Accuracy is extremely important no matter what work you have, whether at home, office or outside. In some circumstances accuracy is critical.

For example, 99% accuracy might be great for many professions, but for an aircraft pilot or a cardiac surgeon it isn't great enough!

So how do you go about improving your accuracy so that you make less mistakes? Here are few points:

(1) You have to care! You cannot adopt an attitude that accepts mistakes, but strive to be "mistake free". (2) You need to learn and that means actively understand why the mistake happened and making sure it doesn't happen again! (3) Sometimes you need to slowdown. Many mistakes happen because activities are rushed, or because the person doing the activity has not taken time to become accurate in the process. In the same way that children learn to walk before they run, it is important that we learn to do our activityright first and then get faster! (4) Practice! If you perform some tasks infrequently then you are more likely to make mistakes, so practice, and take special care on those kinds of activities.

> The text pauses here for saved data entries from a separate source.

lemma eventually_prob_not_covering_less:
  fixes D :: "'v::finite form \<Rightarrow> ('v \<Rightarrow> bool) pmf"
  assumes fin: "finite Psi"
    and D_pos: "\<And>psi x. psi \<in> Psi \<Longrightarrow> models x psi \<Longrightarrow> pmf (D psi) x > 0"
    and "\<delta> > 0"
  obtains n where "\<And>k. \<forall>psi\<in>Psi. n \<le> k psi \<Longrightarrow>
    measure_pmf.prob (sample_pmf Psi D k) {S. \<not> covering Psi S} < \<delta>"
proof -
  define P where "P = {(psi, x). psi \<in> Psi \<and> models x psi}"
  have "finite P"
    unfolding P_def using fin by (rule finite_context_models)
  define q where "q = Max (insert 0 ((\<lambda>(psi, x). 1 - pmf (D psi) x) ` P))"
  have q_ge: "1 - pmf (D psi) x \<le> q" if "psi \<in> Psi" "models x psi" for psi x
    unfolding q_def using \<open>finite P\<close> that by (intro Max_ge) (auto simp: P_def)
  have "q < 1"
    unfolding q_def using \<open>finite P\<close> D_pos by (subst Max_less_iff) (auto simp: P_def)
  have "0 \<le> q" unfolding q_def using \<open>finite P\<close> by simp
  obtain n where n: "q ^ n < \<delta> / (real (card P) + 1)"
    using real_arch_pow_inv[OF _ \<open>q < 1\<close>, of "\<delta> / (real (card P) + 1)"] \<open>\<delta> > 0\<close> by auto
  show ?thesis
  proof (rule that)
    fix k assume "\<forall>psi\<in>Psi. n \<le> k psi"
    then have "measure_pmf.prob (sample_pmf Psi D k) {S. \<not> covering Psi S} \<le> real (card P) * q ^ n"
      using prob_not_covering_le[OF fin q_ge \<open>q < 1\<close>] by (simp add: P_def)
    also have "\<dots> \<le> real (card P) * (\<delta> / (real (card P) + 1))"
      using n by (intro mult_left_mono) auto
    also have "\<dots> < \<delta>" using \<open>\<delta> > 0\<close> by (simp add: field_simps)
    finally show "measure_pmf.prob (sample_pmf Psi D k) {S. \<not> covering Psi S} < \<delta>" .
  qed
qed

Today’s hand-held scientific equipment are of zero percent errors. Images courtesy Google

(5) Check your work! It is easy to complete a task, but if you take a little extra time to double check your work you will reduce the margin for error. (6) Develop checklists for yourself. If an activity requires 5 steps in the process, use a checklist to make sure you completed all 5 steps every time. Pilots use these, surgeons use these and a mistake from either of those professions could be very nasty! (7) Take advantage of "best practices". Find how other people do the activity and learn from them, ask for help, and get a mentor or anything that will help you to get better at your job.

Not Easy

You may be certain there is a book called Alice in Wonderland, and that it mentions a 'Mad Hatter'; that there is another book called Alice Through the Looting Glass; that Sherlock Holmes said, 'Elementary, my dear Watson'; and that in the Bible story of Adam and Eve,an apple is mentioned. In all five cases you are wrong.

The first book cited was originally Alice's Adventures in Wonderland. It refers only to the "Hatter," never to the "Mad Hatter."

The other Alice book is "through the Looking glass." The Holmes passage runs: "'Excellent,' said I; Elementary,' said he." Finally, Genesis mentions no apples. Finding what is true is not always easy. We have to discover the facts and thereafter carefully weigh the conflicting evidence and build one observation on another. This takes discipline, as well as a healthy skepticism.

The accurate person will more often withhold his judgmentthan hazard a wild guess. He is more willing than most to say, honestly, "I do not know." At its best, accuracy is a painstaking, caring, patient and reasonable faculty of mind. And ultimately it is creative, too. For it not only looks up facts, it discovers them in the first place.